Arrhythmogenic Right Ventricular Dysplasia
Report:
Ventricular tachycardia 162/min
Comment:
The patient had dilated right atrium and ventricle, with normal, mildly hypertrophied left ventricle. The coronary arteries were also normal. In Casualty, adenosine 6 + 12 mg, verapamil 2.5 mg, then sotalol, 60 mg were used; the VT became “pulseless” and DC countershock was required in a hurry.
This is a right ventricular VT in that it has a basic LBBB configuration, provided there is no coronary artery disease37. The tachycardia is easily distinguishable from LBBB aberrancy due to the slow S wave descent in lead V1. The left axis deviation is of no diagnostic value against aberrancy, but tends to differentiate ARVD VT from the RV outflow tract VT: the axis in the latter is right or normal. Left axis deviation is common in ARVD VT38.
Post-cardioversion ECG (Fig 39a) shows 1o AV block, LAHB and non-specific ST/T changes.

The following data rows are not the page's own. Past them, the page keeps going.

lemma valid_word_iff: "valid_word n w \<longleftrightarrow> (\<forall>l\<in>set w. valid_letter n l)"
proof -
  have "valid_letter n l \<longleftrightarrow> (case l of Sig i \<Rightarrow> 1 \<le> i \<and> i \<le> n - 1 | X i \<Rightarrow> 1 \<le> i \<and> i \<le> n - 1)" for l
    by (cases l) auto
  then show ?thesis by (simp add: valid_word_def)
qed

lemma valid_word_simps [simp]:
  "valid_word n []"
  "valid_word n (a # w) \<longleftrightarrow> valid_letter n a \<and> valid_word n w"
  "valid_word n (u @ v) \<longleftrightarrow> valid_word n u \<and> valid_word n v"
  by (auto simp: valid_word_iff)

lemma sb_rel_valid: "sb_rel n u v \<Longrightarrow> valid_word n u \<and> valid_word n v"
  by (induction rule: sb_rel.induct) auto

lemma sb_eq_valid: "sb_eq n u v \<Longrightarrow> valid_word n u \<Longrightarrow> valid_word n v"
  by (induction rule: sb_eq.induct) (auto dest: sb_rel_valid)

section \<open>Complements of letters and word reversing\<close>

text \<open>\<open>complement a b = Some (r, s)\<close> iff \<open>a r = b s\<close> is a defining relation (in either
  orientation). It is undefined exactly for \<open>a = b\<close> and for \<open>x\<^sub>i, x\<^sub>i\<^sub>\<plusminus>\<^sub>1\<close>, which
  have no common right multiple.\<close>

fun complement :: "sb_letter \<Rightarrow> sb_letter \<Rightarrow> (sb_word \<times> sb_word) option" where
  "complement (Sig i) (Sig j) =
     (if i + 1 < j \<or> j + 1 < i then Some ([Sig j], [Sig i])
      else if j = i + 1 \<or> i = j + 1 then Some ([Sig j, Sig i], [Sig i, Sig j]) else None)"
| "complement (X i) (X j) = (if i + 1 < j \<or> j + 1 < i then Some ([X j], [X i]) else None)"
| "complement (X i) (Sig j) =
     (if i = j + 1 \<or> j = i + 1 then Some ([Sig j, Sig i], [Sig i, X j]) else Some ([Sig j], [X i]))"
| "complement (Sig j) (X i) =
     (if i = j + 1 \<or> j = i + 1 then Some ([Sig i, X j], [Sig j, Sig i]) else Some ([X i], [Sig j]))"

lemma complement_swap: "complement a b = Some (r, s) \<Longrightarrow> complement b a = Some (s, r)"
  by (cases a; cases b) (auto split: if_splits)

lemma complement_neq: "complement a b = Some (r, s) \<Longrightarrow> a \<noteq> b"
  by (cases a; cases b) (auto split: if_splits)

lemma complement_valid:
  "complement a b = Some (r, s) \<Longrightarrow> valid_letter n a \<Longrightarrow> valid_letter n b
   \<Longrightarrow> valid_word n r \<and> valid_word n s"
  by (cases a; cases b) (auto split: if_splits)

lemma complement_sb_rel:
  "complement a b = Some (r, s) \<Longrightarrow> valid_letter n a \<Longrightarrow> valid_letter n b
   \<Longrightarrow> sb_rel n (a # r) (b # s) \<or> sb_rel n (b # s) (a # r)"
  by (cases a; cases b) (auto split: if_splits intro: sb_rel.intros sb_rel_Suc_intros)

lemma complement_sb_eq:
  "complement a b = Some (r, s) \<Longrightarrow> valid_letter n a \<Longrightarrow> valid_letter n b
   \<Longrightarrow> sb_eq n (a # r) (b # s)"
  using sb_eq_rel[of n "a # r" "b # s" "[]" "[]"] complement_sb_rel by auto

lemma sb_rel_complement:
  "sb_rel n u v \<Longrightarrow> \<exists>a r b s. u = a # r \<and> v = b # s \<and> complement a b = Some (r, s)
     \<and> valid_letter n a \<and> valid_letter n b"
  by (induction rule: sb_rel.induct) auto

datatype reversal = Stuck | Out_of_fuel | Reversed sb_word sb_word

text \<open>Right reversing with fuel \<open>f\<close>: the leading letters \<open>a \<noteq> b\<close> of \<open>u\<close> and \<open>v\<close> are
  replaced through their complement until one side is exhausted, yielding \<open>u'\<close>, \<open>v'\<close> with
  \<open>u u' \<doteq> v v'\<close>. \<open>Stuck\<close> records two letters without complement.\<close>

fun right_reverse :: "nat \<Rightarrow> sb_word \<Rightarrow> sb_word \<Rightarrow> reversal" where
  "right_reverse 0 u v = Out_of_fuel"
| "right_reverse (Suc f) [] v = Reversed v []"
| "right_reverse (Suc f) u [] = Reversed [] u"
| "right_reverse (Suc f) (a # u) (b # v) =
     (if a = b then right_reverse f u v else
      case complement a b of
        None \<Rightarrow> Stuck
      | Some (r, s) \<Rightarrow>
          (case right_reverse f u r of
             Reversed u1 r1 \<Rightarrow>
               (case right_reverse f v (s @ r1) of
                  Reversed v1 w1 \<Rightarrow> Reversed (u1 @ w1) v1
                | e \<Rightarrow> e)
           | e \<Rightarrow> e))"

lemma right_reverse_sound:
  "right_reverse f u v = Reversed u' v' \<Longrightarrow> valid_word n u \<Longrightarrow> valid_word n v
   \<Longrightarrow> sb_eq n (u @ u') (v @ v') \<and> valid_word n u' \<and> valid_word n v'"
proof (induction f u v arbitrary: u' v' rule: right_reverse.induct)
  case (4 f a u b v)
  show ?case
  proof (cases "a = b")
    case True
    then show ?thesis using "4.IH"(1) "4.prems" by (auto intro: sb_eq_Cons)
  next
    case False
    then obtain r s where rs: "complement a b = Some (r, s)"
      using "4.prems"(1) by (auto split: option.splits)
    then obtain u1 r1 where ur: "right_reverse f u r = Reversed u1 r1"
      using "4.prems"(1) False by (auto split: reversal.splits)
    then obtain v1 w1 where vw: "right_reverse f v (s @ r1) = Reversed v1 w1"
      using "4.prems"(1) False rs by (auto split: reversal.splits)
    have result: "u' = u1 @ w1" "v' = v1"
      using "4.prems"(1) False rs ur vw by auto
    have valid: "valid_letter n a" "valid_letter n b" "valid_word n u" "valid_word n v"
      using "4.prems"(2,3) by auto
    with rs have valid_rs: "valid_word n r" "valid_word n s"
      using complement_valid by blast+
    have IH1: "sb_eq n (u @ u1) (r @ r1)" "valid_word n u1" "valid_word n r1"
      using "4.IH"(2)[OF False rs refl ur] valid valid_rs by auto
    have IH2: "sb_eq n (v @ v1) (s @ r1 @ w1)" "valid_word n v1" "valid_word n w1"
      using "4.IH"(3)[OF False rs refl ur vw] valid valid_rs IH1 by auto
    have "sb_eq n (a # u @ u1 @ w1) (a # r @ r1 @ w1)"
      using sb_eq_Cons[OF sb_eq_append_right[OF IH1(1)]] by simp
    also have "sb_eq n (a # r @ r1 @ w1) (b # s @ r1 @ w1)"
      using sb_eq_append_right[OF complement_sb_eq[OF rs valid(1,2)]] by simp
    also have "sb_eq n (b # s @ r1 @ w1) (b # v @ v1)"
      using sb_eq_Cons[OF sb_eq_sym[OF IH2(1)]] .
    finally show ?thesis using result IH1 IH2 by simp
  qed
qed (auto intro: sb_eq.sb_refl)

lemma right_reverse_self: "length u < f \<Longrightarrow> right_reverse f u u = Reversed [] []"
proof (induction u arbitrary: f)
  case Nil
  then show ?case by (cases f) auto
next
  case (Cons a u)
  then show ?case by (cases f) auto
qed

definition complement_decomposition :: "nat \<Rightarrow> sb_letter \<Rightarrow> sb_letter \<Rightarrow> sb_word \<Rightarrow> sb_word \<Rightarrow> bool"
  where "complement_decomposition n a b U V \<longleftrightarrow>
    (if a = b then sb_eq n U V
     else valid_letter n a \<and> valid_letter n b \<and>
       (\<exists>r s t. complement a b = Some (r, s) \<and> sb_eq n U (r @ t) \<and> sb_eq n V (s @ t)))"

definition complement_decomposition_upto :: "nat \<Rightarrow> nat \<Rightarrow> bool"
  where "complement_decomposition_upto n k \<longleftrightarrow>
    (\<forall>a b U V. length U < k \<longrightarrow> sb_eq n (a # U) (b # V) \<longrightarrow> complement_decomposition n a b U V)"

lemma complement_decomposition_sb_eq_cong:
  "sb_eq n U U' \<Longrightarrow> sb_eq n V V' \<Longrightarrow> complement_decomposition n a b U' V'
   \<Longrightarrow> complement_decomposition n a b U V"
  unfolding complement_decomposition_def
  by (cases "a = b") (auto intro: sb_eq_trans sb_eq_sym)

lemma right_reverse_complete:
  assumes "complement_decomposition_upto n L"
  shows "length (u @ q) \<le> L \<Longrightarrow> sb_eq n (u @ q) (v @ p) \<Longrightarrow> right_reverse f u v \<noteq> Stuck \<and>
    (\<forall>u' v'. right_reverse f u v = Reversed u' v' \<longrightarrow> (\<exists>t. sb_eq n q (u' @ t) \<and> sb_eq n p (v' @ t)))"
proof (induction f u v arbitrary: q p rule: right_reverse.induct)
  case (4 f a u b v)
  have length_u: "length (u @ q) < L"
    using "4.prems"(1) by simp
  then have decomposition: "complement_decomposition n a b (u @ q) (v @ p)"
    using assms "4.prems"(2) unfolding complement_decomposition_upto_def by auto
  show ?case
  proof (cases "a = b")
    case True
    then show ?thesis
      using "4.IH"(1)[of q p] decomposition length_u by (simp add: complement_decomposition_def)
  next
    case False
    then obtain r s t where rs: "complement a b = Some (r, s)"
      and ut: "sb_eq n (u @ q) (r @ t)" and vt: "sb_eq n (v @ p) (s @ t)"
      using decomposition by (auto simp: complement_decomposition_def)
    have IH1: "right_reverse f u r \<noteq> Stuck \<and> (\<forall>u1 r1. right_reverse f u r = Reversed u1 r1 \<longrightarrow>
        (\<exists>t1. sb_eq n q (u1 @ t1) \<and> sb_eq n t (r1 @ t1)))"
      using "4.IH"(2)[OF False rs refl, of q t] length_u ut by simp
    show ?thesis
    proof (cases "right_reverse f u r")
      case (Reversed u1 r1)
      then obtain t1 where t1: "sb_eq n q (u1 @ t1)" "sb_eq n t (r1 @ t1)"
        using IH1 by blast
      have "sb_eq n (v @ p) ((s @ r1) @ t1)"
        using sb_eq_trans[OF vt sb_eq_append_left[OF t1(2)]] by simp
      moreover have "length (v @ p) \<le> L"
        using sb_eq_length[OF "4.prems"(2)] length_u by simp
      ultimately have IH2: "right_reverse f v (s @ r1) \<noteq> Stuck \<and>
          (\<forall>v1 w1. right_reverse f v (s @ r1) = Reversed v1 w1 \<longrightarrow>
            (\<exists>t2. sb_eq n p (v1 @ t2) \<and> sb_eq n t1 (w1 @ t2)))"
        using "4.IH"(3)[OF False rs refl Reversed] by simp
      show ?thesis
      proof (cases "right_reverse f v (s @ r1)")
        case (Reversed v1 w1)
        then obtain t2 where t2: "sb_eq n p (v1 @ t2)" "sb_eq n t1 (w1 @ t2)"
          using IH2 by blast
        have "sb_eq n q ((u1 @ w1) @ t2)"
          using sb_eq_trans[OF t1(1) sb_eq_append_left[OF t2(2)]] by simp
        then show ?thesis
          using False rs \<open>right_reverse f u r = Reversed u1 r1\<close> Reversed t2 by auto
      qed (use False rs \<open>right_reverse f u r = Reversed u1 r1\<close> IH2 in auto)
    qed (use False rs IH1 in auto)
  qed
qed (auto intro: sb_eq.sb_refl sb_eq_sym)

The single VEB present is of the same morphology as the VT; it has a fully compensatory pause. This may be used to diagnose the VT, retrospectively. Nothing in the trace, however, is particularly suggestive of ARVD: no epsilon waves, no prolongation of V1 complex compared to V6, no anteroseptal T wave inversion.. Insofar as I know, this patient has only one major (selective RV cardiomyopathy) and one minor (VT of appropriate morphology) criterion for ARVD39.
The patient was later paced for AVB induced by anti-arrhythmic drugs (Fig 39b).